Lungli menambahkan, kebijakan tersebut harus memastikan kelompok rentan tidak menanggung beban pembangunan secara tidak proporsional. “Mereka harus tetap merasa aman, tidak tersingkir, dan bisa hidup berdampingan dengan pembangunan,” katanya.
Transisi energi
Transisi dari energi fosil ke energi terbarukan menjadi hal mendesak bagi anak muda. Ginanjar menilai pemerintah tidak boleh lagi menunda pembangunan infrastruktur energi bersih.
“Ini bukan saatnya membangun PLTU baru. Jika Vietnam yang ekonominya di bawah kita bisa mencapai target energi terbarukan lebih tinggi, kita pun seharusnya bisa,” ujarnya.
Papua memiliki potensi besar untuk Pembangkit Listrik Tenaga Surya (PLTS). “Jika rumah-rumah bisa mandiri energi, masyarakat tidak lagi bergantung pada PLN dan bisa mengalokasikan biaya listrik untuk kebutuhan lain,” kata Gispa.
Ia mengingatkan agar pemerintah tidak hanya fokus pada energi biru seperti baterai lithium yang memerlukan tambang nikel baru. “Masih banyak jenis energi terbarukan lain yang bisa dikembangkan,” ujarnya.
Stop perusakan lingkungan
Meski krisis iklim mendesak, pemerintah masih menggelontorkan dana besar untuk proyek berbasis batu bara. Di sisi lain, ketika diminta mendanai PLTS, pemerintah justru mempertanyakan sumber dananya.
“PLTS adalah solusi paling masuk akal untuk Papua. Masyarakat pra-sejahtera sangat terbantu secara finansial jika mendapatkan pembangkit listrik tenaga surya,” ujar Gispa.

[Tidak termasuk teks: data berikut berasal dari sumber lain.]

lemma unif_exp_detectable: "unif_exp_detectable A C"
  unfolding unif_exp_detectable_def
  using continuous_on_gain uniformly_bounded_gain unif_exp_stable_error by blast

end

lemma detectable_if_unif_complete_obs:
  assumes X: "fundamental_matrix A X"
    and backward_bounded: "\<And>s t. 0 \<le> s \<Longrightarrow> s \<le> t \<Longrightarrow> norm (trans_mat X s t) \<le> K"
    and k: "\<And>t. t \<ge> 0 \<Longrightarrow> norm (A t) \<le> k"
    and C: "continuous_on {0..} C" and c: "\<And>t. t \<ge> 0 \<Longrightarrow> norm (C t) \<le> c"
    and "unif_complete_obs A C"
  shows "unif_exp_detectable A C"
proof -
  obtain Z \<beta> \<sigma> where Z: "fundamental_matrix A Z" "\<beta> > 0" "\<sigma> > 0"
    "\<And>t0 w. t0 \<ge> 0 \<Longrightarrow> \<beta> * (w \<bullet> w) \<le> w \<bullet> (obs_gramian Z C (t0 + \<sigma>) t0 *v w)"
    using \<open>unif_complete_obs A C\<close> unfolding unif_complete_obs_def by blast
  have "bounded_observer_design A C Z K k c \<beta> \<sigma>"
    using Z C k c backward_bounded trans_mat_unique[OF X Z(1)]
    by unfold_locales auto
  then show ?thesis
    by (rule bounded_observer_design.unif_exp_detectable)
qed

theorem proposition1:
  fixes A :: "real \<Rightarrow> real^'n^'n" and C :: "real \<Rightarrow> real^'n^'p"
  assumes "continuous_on {0..} A" and "continuous_on {0..} C"
    and "uniformly_bounded A" and "uniformly_bounded C"
    and "exp_dichotomy A (mat 0)"
  shows "unif_exp_detectable A C \<longleftrightarrow> unif_complete_obs A C"
proof -
  obtain k where k: "\<And>t. t \<ge> 0 \<Longrightarrow> norm (A t) \<le> k"
    using assms(3) unfolding uniformly_bounded_iff by blast
  obtain c where c: "\<And>t. t \<ge> 0 \<Longrightarrow> norm (C t) \<le> c"
    using assms(4) unfolding uniformly_bounded_iff by blast
  obtain X K \<alpha> where X: "fundamental_matrix A X" and "K \<ge> 1" "\<alpha> > 0"
    and expanding: "\<And>t t0. 0 \<le> t \<Longrightarrow> t \<le> t0 \<Longrightarrow> norm (trans_mat X t t0) \<le> K * exp (\<alpha> * (t - t0))"
    and backward_bounded: "\<And>t t0. 0 \<le> t \<Longrightarrow> t \<le> t0 \<Longrightarrow> norm (trans_mat X t t0) \<le> K"
    using exp_dichotomy_zero_backward_decay[OF assms(5)] by blast
  show ?thesis
    using unif_complete_obs_if_detectable[OF X expanding \<open>K \<ge> 1\<close> \<open>\<alpha> > 0\<close> k assms(2) c]
      detectable_if_unif_complete_obs[OF X backward_bounded k assms(2) c]
    by auto
qed

end
lemma orthogonal_projection_onto_range: fixes P :: "real^'m::finite^'m"
  assumes "transpose P = P" "P ** P = P"
  shows "\<forall>x. P *v x \<in> range ((*v) P) \<and> (\<forall>y\<in>range ((*v) P). (x - P *v x) \<bullet> y = 0)"
proof (intro allI conjI ballI)
  fix x show "P *v x \<in> range ((*v) P)" by simp
  fix y assume "y \<in> range ((*v) P)"
  then obtain b where b: "y = P *v b" by auto
  have "(x - P *v x) \<bullet> y = (P *v (x - P *v x)) \<bullet> b"
    using inner_matrix_transpose[of P "x - P *v x" b] assms(1) b by (simp add: inner_commute)
  also have "\<dots> = 0" by (simp add: matrix_vector_simps) (simp add: matrix_vector_mul_assoc assms(2))
  finally show "(x - P *v x) \<bullet> y = 0" .
qed

lemma invertible_idempotent_sym_sum: fixes Q :: "real^'m::finite^'m" assumes Q: "Q ** Q = Q"
  shows "invertible (Q + transpose Q - mat 1)"
  unfolding invertible_left_inverse matrix_left_invertible_ker
proof (intro allI impI)
  fix v assume v: "(Q + transpose Q - mat 1) *v v = 0"
  then have v1: "Q *v v + transpose Q *v v = v" by (simp add: matrix_vector_simps algebra_simps)
  then have "Q *v (Q *v v + transpose Q *v v) = Q *v v" by simp
  then have "Q *v (transpose Q *v v) = 0" by (simp add: matrix_vector_right_distrib matrix_vector_mul_assoc Q)
  then have "(transpose Q *v v) \<bullet> (transpose Q *v v) = 0"
    by (simp add: inner_matrix_transpose)
  then have Qtv: "transpose Q *v v = 0" by simp
  then have "Q *v v = v" using v1 by simp
  then have "v \<bullet> v = (transpose Q *v v) \<bullet> v" by (metis inner_matrix_transpose transpose_transpose inner_commute)
  then show "v = 0" using Qtv by simp
qed

text \<open>For an idempotent Q, the orthogonal projection onto the range of Q.\<close>

definition range_proj :: "real^'m::finite^'m \<Rightarrow> real^'m^'m" where
  "range_proj Q = Q ** matrix_inv (Q + transpose Q - mat 1)"

lemma range_proj_props: fixes Q :: "real^'m::finite^'m" assumes Q: "Q ** Q = Q"
  shows "transpose (range_proj Q) = range_proj Q" "range_proj Q ** range_proj Q = range_proj Q"
    "range_proj Q ** Q = Q" "Q ** range_proj Q = range_proj Q"
proof -
  define M where "M = Q + transpose Q - mat 1"
  define N where "N = matrix_inv M"
  have iM: "invertible M" using invertible_idempotent_sym_sum[OF Q] M_def by simp
  have MN: "M ** N = mat 1" "N ** M = mat 1" using matrix_inv_left matrix_inv_right iM N_def by auto
  have Qt: "transpose Q ** transpose Q = transpose Q" by (simp only: matrix_transpose_mul[symmetric] Q)
  have tM: "transpose M = M" by (simp add: M_def matrix_ring_simps)
  have tN: "transpose N = N"
  proof -
    have "M ** transpose N = mat 1"
      using arg_cong[OF MN(2), of transpose] by (simp only: matrix_transpose_mul tM transpose_mat)
    then show ?thesis using matrix_inv_unique N_def by metis
  qed
  have QM: "Q ** M = Q ** transpose Q" "M ** transpose Q = Q ** transpose Q"
    by (simp_all add: M_def matrix_ring_simps Q Qt)
  have "N ** transpose Q = N ** (transpose Q ** M) ** N"
    by (simp add: matrix_mul_assoc[symmetric] MN)
  also have "\<dots> = N ** (M ** Q) ** N" by (simp add: M_def matrix_ring_simps Q Qt)
  also have "\<dots> = Q ** N" by (simp add: matrix_mul_assoc[symmetric] matrix_mul_assoc_eq[OF MN(2)])
  finally have NQt: "N ** transpose Q = Q ** N" .
  have F: "range_proj Q = Q ** N" by (simp add: range_proj_def N_def M_def)
  show "transpose (range_proj Q) = range_proj Q" by (simp add: F matrix_transpose_mul tN NQt)
  show FQ: "range_proj Q ** Q = Q"
  proof -
    have "N ** Q = N ** (Q ** M) ** N" by (simp add: matrix_mul_assoc[symmetric] MN)
    also have "\<dots> = N ** (M ** transpose Q) ** N" by (simp only: QM)
    also have "\<dots> = transpose Q ** N" by (simp add: matrix_mul_assoc[symmetric] matrix_mul_assoc_eq[OF MN(2)])
    finally have "range_proj Q ** Q = Q ** (transpose Q ** N)" by (simp add: F matrix_mul_assoc[symmetric])
    also have "\<dots> = (Q ** M) ** N" by (simp add: QM(1) matrix_mul_assoc)
    also have "\<dots> = Q" by (simp add: matrix_mul_assoc[symmetric] MN)
    finally show ?thesis .
  qed
  show "range_proj Q ** range_proj Q = range_proj Q"
    by (metis F FQ matrix_mul_assoc)
  show "Q ** range_proj Q = range_proj Q" by (simp add: F matrix_mul_assoc Q)
qed

lemma range_range_proj: fixes Q :: "real^'m::finite^'m" assumes Q: "Q ** Q = Q"
  shows "range ((*v) (range_proj Q)) = range ((*v) Q)"
proof
  show "range ((*v) (range_proj Q)) \<subseteq> range ((*v) Q)"
    by (clarify, metis matrix_vector_mul_assoc range_proj_props(4)[OF Q] rangeI)
  show "range ((*v) Q) \<subseteq> range ((*v) (range_proj Q))"
    by (clarify, metis matrix_vector_mul_assoc range_proj_props(3)[OF Q] rangeI)
qed

lemma range_proj_unique: fixes Q P :: "real^'m::finite^'m" assumes Q: "Q ** Q = Q"
  and P: "transpose P = P" "P ** Q = Q" "Q ** P = P"
  shows "range_proj Q = P"
proof -
  note fp = range_proj_props[OF Q]
  have 1: "range_proj Q ** P = P"
    by (metis P(3) fp(3) matrix_mul_assoc)
  have 2: "P ** range_proj Q = range_proj Q"
    by (metis P(2) fp(4) matrix_mul_assoc)
  have "range_proj Q = transpose (P ** range_proj Q)" by (simp add: 2 fp)
  also have "\<dots> = range_proj Q ** P" by (simp add: matrix_transpose_mul fp P)
  finally show ?thesis using 1 by simp
qed

section \<open>The Lagrangian Grassmannian as a set of projections\<close>

text \<open>The last condition says that J maps the range of P onto its orthogonal complement.\<close>

definition lag_projection :: "'n::finite mat2n \<Rightarrow> bool" where
  "lag_projection P \<longleftrightarrow> transpose P = P \<and> P ** P = P \<and> omega_mat ** P + P ** omega_mat = omega_mat"

lemma lag_projection_mult_omega: "lag_projection P \<Longrightarrow> P ** omega_mat = omega_mat - omega_mat ** P"
  unfolding lag_projection_def by (auto simp: algebra_simps)

lemma lag_projection_sandwich_omega: "lag_projection P \<Longrightarrow> P ** omega_mat ** P = 0"
  by (simp add: lag_projection_mult_omega matrix_ring_simps lag_projection_def)

lemma lag_projection_facts: fixes P :: "'n::finite mat2n" assumes "lag_projection P"
  shows "transpose P = P" "P ** P = P" "\<And>Z::'n mat2n. P ** (P ** Z) = P ** Z"
    "P ** (omega_mat ** P) = 0" "\<And>Z::'n mat2n. P ** (omega_mat ** (P ** Z)) = 0"
proof -
  show PP: "transpose P = P" "P ** P = P" using assms lag_projection_def by auto
  show "P ** (P ** Z) = P ** Z" for Z :: "'n mat2n" by (rule matrix_mul_assoc_eq[OF PP(2)])
  have "(P ** omega_mat) ** P = 0" by (rule lag_projection_sandwich_omega[OF assms])
  then show "P ** (omega_mat ** P) = 0" "P ** (omega_mat ** (P ** Z)) = 0" for Z :: "'n mat2n"
    using matrix_mul_assoc_eq[of "P ** omega_mat" P 0 Z] by (simp_all add: matrix_mul_assoc)
qed

lemma lag_projection_if_lag_grassmannian: fixes P :: "'n::finite mat2n"
  assumes "P \<in> lag_grassmannian" shows "lag_projection P"
proof -
  obtain L where L: "lagrangian L" "\<forall>x. P *v x \<in> L \<and> (\<forall>y\<in>L. (x - P *v x) \<bullet> y = 0)"
    using assms unfolding lag_grassmannian_def by blast
  have sL: "subspace L" using L(1) lagrangian_def by blast
  note pp = orthogonal_projection_props[OF sL L(2)]
  have JL: "(*v) omega_mat ` L = orth_compl L" by (rule omega_mat_image_lagrangian[OF L(1)])
  have "(omega_mat ** P + P ** omega_mat) *v x = omega_mat *v x" for x
  proof -
    define z where "z = x - P *v x"
    have "z \<in> orth_compl L" using L(2) unfolding z_def orth_compl_def orthogonal_def by (auto simp: inner_commute)
    then obtain l where l: "l \<in> L" "z = omega_mat *v l" using JL by auto
    have "omega_mat *v (P *v x) \<in> orth_compl L" using JL L(2) by auto
    then have "P *v (omega_mat *v (P *v x)) = 0" using pp(4) by blast
    moreover have "P *v (omega_mat *v z) = - l" using l pp(1) by (simp add: omega_mat_omega_mat_vector vec.neg)
    moreover have Jx: "omega_mat *v x = omega_mat *v (P *v x) + omega_mat *v z"
      by (simp add: z_def flip: vec.add)
    ultimately have "P *v (omega_mat *v x) = - l" by (simp add: vec.add)
    moreover have "omega_mat *v z = - l" using l by (simp add: omega_mat_omega_mat_vector)
    ultimately show ?thesis using Jx by (simp add: matrix_vector_simps)
  qed
  then have "omega_mat ** P + P ** omega_mat = omega_mat" by (simp add: matrix_eq)
  then show ?thesis unfolding lag_projection_def using pp by blast
qed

Ginanjar menekankan pentingnya solusi berbasis komunitas. “Masyarakat harus bisa memproduksi, mengelola, dan mendistribusikan energi sendiri. Konsep ini terbukti berhasil di PLTMH Kulonprogo dan Kasepuhan Cipta Gelar,” katanya.
Anak muda punya solusi
Anak muda punya ide dan solusi, tetapi sering tidak tahu cara agar ide itu didengar. “Kita butuh jalur resmi seperti Youth Climate Council, di mana anak muda diberi ruang dan anggaran untuk menentukan proyeknya,” kata Ginanjar.
Lungli menyoroti kerusakan lingkungan akibat pembangunan di pesisir. “Ikan menjauh karena pembangunan yang tak terkendali. Kenapa tidak melestarikan hutan bakau untuk wisata? Kita bisa memanfaatkan alam dengan bijak sekaligus memajukan Indonesia,” ujarnya.
Ginanjar juga menilai pentingnya edukasi iklim dalam kurikulum pendidikan. “Dengan pemahaman sejak dini, anak muda akan tumbuh menjadi pemimpin yang mampu menciptakan solusi iklim,” katanya.